(* Let $f\in M_k(\Gamma)$ and $g\in M_l(\Gamma)$ be nonzero cusp forms and $r,s\ge0$, such that $\delta_k^{(r)}(f)$ and $\delta_l^{(s)}(g)$ are both eigenforms. Then $\delta_k^{(r)}(f)\,\delta_l^{(s)}(g)$ is not an eigenform.
   Context: $\Gamma=SL_2(\mathbb Z)$; $M_k(\Gamma)$ is the space of holomorphic modular forms of even weight $k$. The Maass–Shimura operator is $\delta_k(F)(z)=\frac{1}{2\pi i}\left(\frac{k}{2i\,\mathrm{Im}(z)}F(z)+\frac{\partial F}{\partial z}(z)\right)$, $\delta_k^{(r)}=\delta_{k+2r-2}\circ\cdots\circ\delta_k$, $\delta_k^{(0)}=\mathrm{id}$. The Hecke operator in weight $k$ is $(T_nF)(z)=n^{k-1}\sum_{d\mid n}d^{-k}\sum_{b=0}^{d-1}F\left(\frac{nz+bd}{d^2}\right)$, and an eigenform is a nonzero (nearly holomorphic) form that is an eigenvector of every $T_n$, $n\ge1$. *)

theory Defs
  imports "HOL-Analysis.Analysis"
begin

definition upper_half :: "complex set" where
  "upper_half = {z. Im z > 0}"

text \<open>Holomorphic modular forms of weight k for SL2(Z): holomorphic on the upper half plane,
  weight-k invariant under every matrix (a b; c d) in SL2(Z), with a q-expansion
  sum over n \<ge> 0 of a_n q^n, q = exp(2 pi i z) (holomorphy at the cusp).\<close>
definition q_expansion :: "(nat \<Rightarrow> complex) \<Rightarrow> (complex \<Rightarrow> complex) \<Rightarrow> bool" where
  "q_expansion a f \<longleftrightarrow>
     (\<forall>z\<in>upper_half. (\<lambda>n. a n * exp (2 * complex_of_real pi * \<i> * of_nat n * z)) sums f z)"

definition modular_form :: "int \<Rightarrow> (complex \<Rightarrow> complex) \<Rightarrow> bool" where
  "modular_form k f \<longleftrightarrow>
     f holomorphic_on upper_half \<and>
     (\<forall>a b c d :: int. a * d - b * c = 1 \<longrightarrow>
        (\<forall>z\<in>upper_half. f ((of_int a * z + of_int b) / (of_int c * z + of_int d))
                          = (of_int c * z + of_int d) powi k * f z)) \<and>
     (\<exists>a. q_expansion a f)"

definition cusp_form :: "int \<Rightarrow> (complex \<Rightarrow> complex) \<Rightarrow> bool" where
  "cusp_form k f \<longleftrightarrow> modular_form k f \<and> (\<exists>a. q_expansion a f \<and> a 0 = 0)"

definition wirtinger_dz :: "(complex \<Rightarrow> complex) \<Rightarrow> complex \<Rightarrow> complex" where
  "wirtinger_dz F z =
     (vector_derivative (\<lambda>t::real. F (z + of_real t)) (at 0)
      - \<i> * vector_derivative (\<lambda>t::real. F (z + \<i> * of_real t)) (at 0)) / 2"

definition maass_shimura :: "int \<Rightarrow> (complex \<Rightarrow> complex) \<Rightarrow> complex \<Rightarrow> complex" where
  "maass_shimura k F z =
     (1 / (2 * complex_of_real pi * \<i>)) *
       (of_int k / (2 * \<i> * complex_of_real (Im z)) * F z + wirtinger_dz F z)"

fun maass_shimura_iter :: "int \<Rightarrow> nat \<Rightarrow> (complex \<Rightarrow> complex) \<Rightarrow> complex \<Rightarrow> complex" where
  "maass_shimura_iter k 0 F = F"
| "maass_shimura_iter k (Suc r) F = maass_shimura (k + 2 * int r) (maass_shimura_iter k r F)"

definition hecke :: "int \<Rightarrow> nat \<Rightarrow> (complex \<Rightarrow> complex) \<Rightarrow> complex \<Rightarrow> complex" where
  "hecke k n F z =
     of_nat n powi (k - 1) *
       (\<Sum>d | d dvd n. of_nat d powi (- k) *
          (\<Sum>b<d. F ((of_nat n * z + of_nat b * of_nat d) / (of_nat d)\<^sup>2)))"

definition eigenform :: "int \<Rightarrow> (complex \<Rightarrow> complex) \<Rightarrow> bool" where
  "eigenform k F \<longleftrightarrow>
     (\<exists>z\<in>upper_half. F z \<noteq> 0) \<and>
     (\<forall>n\<ge>1. \<exists>c::complex. \<forall>z\<in>upper_half. hecke k n F z = c * F z)"

end

theory Submission
  imports Defs "HOL-Complex_Analysis.Conformal_Mappings" "HOL-Computational_Algebra.Polynomial"
begin

text \<open>
  Write \<open>q = e^(2 pi i z)\<close> and \<open>y = Im z\<close>.  A cusp form is a power series in \<open>q\<close> without
  constant term; applying Maass--Shimura operators produces finite sums \<open>sum_j y^(-j) S_j(q)\<close>
  with every \<open>S_j(0) = 0\<close>.  Multiplying two such sums gives \<open>P = sum_i y^(-e_i) S_i(q)\<close> with
  every \<open>S_i\<close> vanishing to order 2 at \<open>q = 0\<close>.  The Hecke operator \<open>T_n\<close> acts termwise, and
  the coefficient of \<open>q^1\<close> in the transformed series is \<open>n^(e_i)\<close> times the \<open>n\<close>-th coefficient
  of \<open>S_i\<close>.  Expansions of this shape are unique (a power series vanishing on a circle is zero,
  a polynomial in \<open>1/y\<close> vanishing for all \<open>y > 0\<close> is zero), so \<open>T_n P = lambda P\<close> forces all
  coefficients of \<open>P\<close> to vanish, i.e. \<open>P = 0\<close>, contradicting that eigenforms are nonzero.
\<close>

definition qparam :: "complex \<Rightarrow> complex" where
  "qparam z = exp (2 * complex_of_real pi * \<i> * z)"

lemma norm_qparam: "norm (qparam z) = exp (- 2 * pi * Im z)"
  by (simp add: qparam_def)

lemma qparam_in_disc: "z \<in> upper_half \<Longrightarrow> norm (qparam z) < 1"
  by (simp add: norm_qparam upper_half_def)

lemma qparam_power: "exp (2 * complex_of_real pi * \<i> * of_nat n * z) = qparam z ^ n"
  unfolding qparam_def by (subst exp_of_nat_mult[symmetric]) (simp add: algebra_simps)

lemma qparam_of_nat_mult: "qparam (of_nat m * z) = qparam z ^ m"
  using qparam_power[of m z] by (simp add: qparam_def mult_ac)

lemma qparam_surj:
  assumes "q \<noteq> 0"
  defines "z \<equiv> Ln q / (2 * complex_of_real pi * \<i>)"
  shows "qparam z = q" and "Im z = - ln (norm q) / (2 * pi)"
proof -
  show "qparam z = q" using assms by (simp add: z_def qparam_def exp_Ln)
  have "Im z = - Re (Ln q) / (2 * pi)" by (simp add: z_def Im_divide field_simps power2_eq_square)
  thus "Im z = - ln (norm q) / (2 * pi)" using assms by simp
qed

text \<open>Power series converging on the unit disc.  Throughout, ``radius at least 1'' is the standing
  hypothesis under which series may be evaluated at \<open>q(z)\<close> and combined.\<close>

lemma lt_unit_radius:
  assumes "norm x < 1" "1 \<le> fps_conv_radius T"
  shows "ereal (norm x) < fps_conv_radius T"
proof -
  have "ereal (norm x) < 1" using assms(1) by simp
  thus ?thesis using assms(2) by (rule less_le_trans)
qed

lemma qparam_lt_radius:
  "z \<in> upper_half \<Longrightarrow> 1 \<le> fps_conv_radius T \<Longrightarrow> ereal (norm (qparam z)) < fps_conv_radius T"
  by (rule lt_unit_radius[OF qparam_in_disc])

lemma fps_unit_radiusI:
  assumes "\<And>r::real. 0 < r \<Longrightarrow> r < 1 \<Longrightarrow> summable (\<lambda>k. fps_nth T k * complex_of_real r ^ k)"
  shows "1 \<le> fps_conv_radius (T :: complex fps)"
  unfolding fps_conv_radius_def by (rule conv_radius_geI_ex') (use assms in auto)

lemma unit_radius_add:
  "1 \<le> fps_conv_radius (S :: complex fps) \<Longrightarrow> 1 \<le> fps_conv_radius T \<Longrightarrow> 1 \<le> fps_conv_radius (S + T)"
  using fps_conv_radius_add[of S T] by (simp add: min_def split: if_splits)

lemma unit_radius_mult:
  "1 \<le> fps_conv_radius (S :: complex fps) \<Longrightarrow> 1 \<le> fps_conv_radius T \<Longrightarrow> 1 \<le> fps_conv_radius (S * T)"
  using fps_conv_radius_mult[of S T] by (simp add: min_def split: if_splits)

lemma unit_radius_sum:
  "(\<And>a. a \<in> A \<Longrightarrow> 1 \<le> fps_conv_radius (f a :: complex fps)) \<Longrightarrow> 1 \<le> fps_conv_radius (\<Sum>a\<in>A. f a)"
  by (induction A rule: infinite_finite_induct) (auto intro: unit_radius_add)

lemma eval_fps_sum:
  assumes "\<And>a. a \<in> A \<Longrightarrow> 1 \<le> fps_conv_radius (f a :: complex fps)" and "norm q < 1"
  shows "eval_fps (\<Sum>a\<in>A. f a) q = (\<Sum>a\<in>A. eval_fps (f a) q)"
  using assms(1)
proof (induction A rule: infinite_finite_induct)
  case (insert a A)
  have "eval_fps (f a + (\<Sum>a\<in>A. f a)) q = eval_fps (f a) q + eval_fps (\<Sum>a\<in>A. f a) q"
    using insert.prems by (intro eval_fps_add lt_unit_radius[OF assms(2)] unit_radius_sum) auto
  with insert show ?case by simp
qed auto

lemma eval_fps_cmult:
  "norm q < 1 \<Longrightarrow> 1 \<le> fps_conv_radius (T :: complex fps) \<Longrightarrow> eval_fps (fps_const c * T) q = c * eval_fps T q"
  by (subst eval_fps_mult) (auto intro: lt_unit_radius)

text \<open>\<open>q d/dq\<close>, the operator by which \<open>d/dz\<close> acts on series in \<open>q(z)\<close>.\<close>

lemma unit_radius_X_deriv:
  "1 \<le> fps_conv_radius (S :: complex fps) \<Longrightarrow> 1 \<le> fps_conv_radius (fps_X * fps_deriv S)"
  using fps_conv_radius_deriv[of S] by (intro unit_radius_mult) auto

lemma eval_fps_X_deriv:
  "norm q < 1 \<Longrightarrow> 1 \<le> fps_conv_radius (S :: complex fps) \<Longrightarrow>
     eval_fps (fps_X * fps_deriv S) q = q * eval_fps (fps_deriv S) q"
  using fps_conv_radius_deriv[of S] by (subst eval_fps_mult) (auto intro: lt_unit_radius)

text \<open>Decimation \<open>sum a_(d m) q^m\<close> and inflation \<open>sum a_m q^(d m)\<close> of a power series: the two
  operations out of which the Hecke operators act on \<open>q\<close>-expansions.\<close>

lemma sums_supported_on_multiples:
  assumes "m \<ge> 1" and "\<And>k. \<not> m dvd k \<Longrightarrow> g k = 0"
  shows "(\<lambda>k. g (m * k)) sums s \<longleftrightarrow> g sums s"
proof (rule sums_mono_reindex)
  show "strict_mono ((*) m)" using assms(1) by (simp add: strict_mono_def)
  show "g k = 0" if "k \<notin> range ((*) m)" for k
  proof (rule assms(2))
    show "\<not> m dvd k" using that by (auto elim: dvdE)
  qed
qed

definition fps_decimate :: "nat \<Rightarrow> 'a fps \<Rightarrow> 'a fps" where
  "fps_decimate m T = Abs_fps (\<lambda>k. fps_nth T (m * k))"

definition fps_inflate :: "nat \<Rightarrow> 'a::zero fps \<Rightarrow> 'a fps" where
  "fps_inflate m T = Abs_fps (\<lambda>k. if m dvd k then fps_nth T (k div m) else 0)"

lemma fps_decimate_nth [simp]: "fps_nth (fps_decimate m T) k = fps_nth T (m * k)"
  by (simp add: fps_decimate_def)

lemma fps_inflate_nth [simp]:
  "fps_nth (fps_inflate m T) k = (if m dvd k then fps_nth T (k div m) else 0)"
  by (simp add: fps_inflate_def)

lemma fps_decimate_radius:
  assumes m: "m \<ge> 1" and T: "1 \<le> fps_conv_radius (T :: complex fps)"
  shows "1 \<le> fps_conv_radius (fps_decimate m T)"
proof (rule fps_unit_radiusI)
  fix r :: real assume r: "0 < r" "r < 1"
  define \<rho> where "\<rho> = root m r"
  have \<rho>: "0 < \<rho>" "\<rho> < 1" "\<rho> ^ m = r"
    using r m real_root_less_mono[of m r 1] unfolding \<rho>_def by simp_all
  define g where "g k = norm (fps_nth T k * complex_of_real \<rho> ^ k)" for k
  have "summable g"
    unfolding g_def by (rule norm_summable_fps, rule lt_unit_radius) (use \<rho> T in auto)
  hence "summable (\<lambda>k. if m dvd k then g k else 0)"
    by (rule summable_comparison_test[rotated]) (auto simp: g_def)
  hence "summable (\<lambda>k. g (m * k))"
    using sums_supported_on_multiples[OF m, of "\<lambda>k. if m dvd k then g k else 0"] by (simp add: summable_def)
  moreover have "g (m * k) = norm (fps_nth (fps_decimate m T) k * complex_of_real r ^ k)" for k
    using \<rho> r by (simp add: g_def norm_mult norm_power power_mult)
  ultimately have "summable (\<lambda>k. norm (fps_nth (fps_decimate m T) k * complex_of_real r ^ k))"
    by simp
  thus "summable (\<lambda>k. fps_nth (fps_decimate m T) k * complex_of_real r ^ k)"
    by (rule summable_norm_cancel)
qed

lemma fps_inflate_radius:
  assumes m: "m \<ge> 1" and T: "1 \<le> fps_conv_radius (T :: complex fps)"
  shows "1 \<le> fps_conv_radius (fps_inflate m T)"
proof (rule fps_unit_radiusI)
  fix r :: real assume r: "0 < r" "r < 1"
  define g where "g k = fps_nth (fps_inflate m T) k * complex_of_real r ^ k" for k
  have "norm (complex_of_real r ^ m) < 1" using r m by (simp add: norm_power power_less_one_iff)
  hence "summable (\<lambda>k. fps_nth T k * (complex_of_real r ^ m) ^ k)"
    using T by (intro summable_fps lt_unit_radius)
  hence "summable (\<lambda>k. g (m * k))"
    using m by (simp add: g_def power_mult)
  thus "summable g"
    using sums_supported_on_multiples[OF m, of g] by (auto simp: g_def summable_def)
qed

lemma eval_fps_inflate:
  assumes m: "m \<ge> 1" and T: "1 \<le> fps_conv_radius (T :: complex fps)" and q: "norm q < 1"
  shows "eval_fps (fps_inflate m T) q = eval_fps T (q ^ m)"
proof -
  have "norm (q ^ m) < 1" using q m by (simp add: norm_power power_less_one_iff)
  hence "(\<lambda>k. fps_nth T k * (q ^ m) ^ k) sums eval_fps T (q ^ m)"
    using T by (intro sums_eval_fps lt_unit_radius)
  define g where "g k = fps_nth (fps_inflate m T) k * q ^ k" for k
  have "(\<lambda>k. g (m * k)) sums eval_fps T (q ^ m)"
    using \<open>(\<lambda>k. fps_nth T k * (q ^ m) ^ k) sums _\<close> m by (simp add: g_def power_mult)
  hence "g sums eval_fps T (q ^ m)"
    by (subst (asm) sums_supported_on_multiples[OF m]) (auto simp: g_def)
  hence "suminf g = eval_fps T (q ^ m)" by (rule sums_unique[symmetric])
  thus ?thesis by (simp only: g_def[abs_def] eval_fps_def)
qed

lemma sum_roots_of_unity:
  assumes d: "d \<ge> 1"
  shows "(\<Sum>b<d. exp (2 * complex_of_real pi * \<i> * of_nat k / of_nat d) ^ b) = (if d dvd k then of_nat d else 0)"
proof -
  define \<omega> where "\<omega> = exp (2 * complex_of_real pi * \<i> * of_nat k / of_nat d)"
  have "\<omega> = 1 \<longleftrightarrow> d dvd k" unfolding \<omega>_def by (rule complex_root_unity_eq_1[OF d])
  moreover have "\<omega> ^ d = 1" unfolding \<omega>_def using complex_root_unity[of d k] d by simp
  ultimately show ?thesis unfolding \<omega>_def[symmetric] sum_gp_strict by auto
qed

..............................

◆ EXERCISE GOAL
Referring to the material above, set down exactly the lines between the line with "Context: $\Gamma=SL_2(\mathbb Z)$;" and the line with "sum over n \<ge>", inclusive, and no other lines.

◆ SOLUTION TO THIS TASK
   Context: $\Gamma=SL_2(\mathbb Z)$; $M_k(\Gamma)$ is the space of holomorphic modular forms of even weight $k$. The Maass–Shimura operator is $\delta_k(F)(z)=\frac{1}{2\pi i}\left(\frac{k}{2i\,\mathrm{Im}(z)}F(z)+\frac{\partial F}{\partial z}(z)\right)$, $\delta_k^{(r)}=\delta_{k+2r-2}\circ\cdots\circ\delta_k$, $\delta_k^{(0)}=\mathrm{id}$. The Hecke operator in weight $k$ is $(T_nF)(z)=n^{k-1}\sum_{d\mid n}d^{-k}\sum_{b=0}^{d-1}F\left(\frac{nz+bd}{d^2}\right)$, and an eigenform is a nonzero (nearly holomorphic) form that is an eigenvector of every $T_n$, $n\ge1$. *)

theory Defs
  imports "HOL-Analysis.Analysis"
begin

definition upper_half :: "complex set" where
  "upper_half = {z. Im z > 0}"

text \<open>Holomorphic modular forms of weight k for SL2(Z): holomorphic on the upper half plane,
  weight-k invariant under every matrix (a b; c d) in SL2(Z), with a q-expansion
  sum over n \<ge> 0 of a_n q^n, q = exp(2 pi i z) (holomorphy at the cusp).\<close>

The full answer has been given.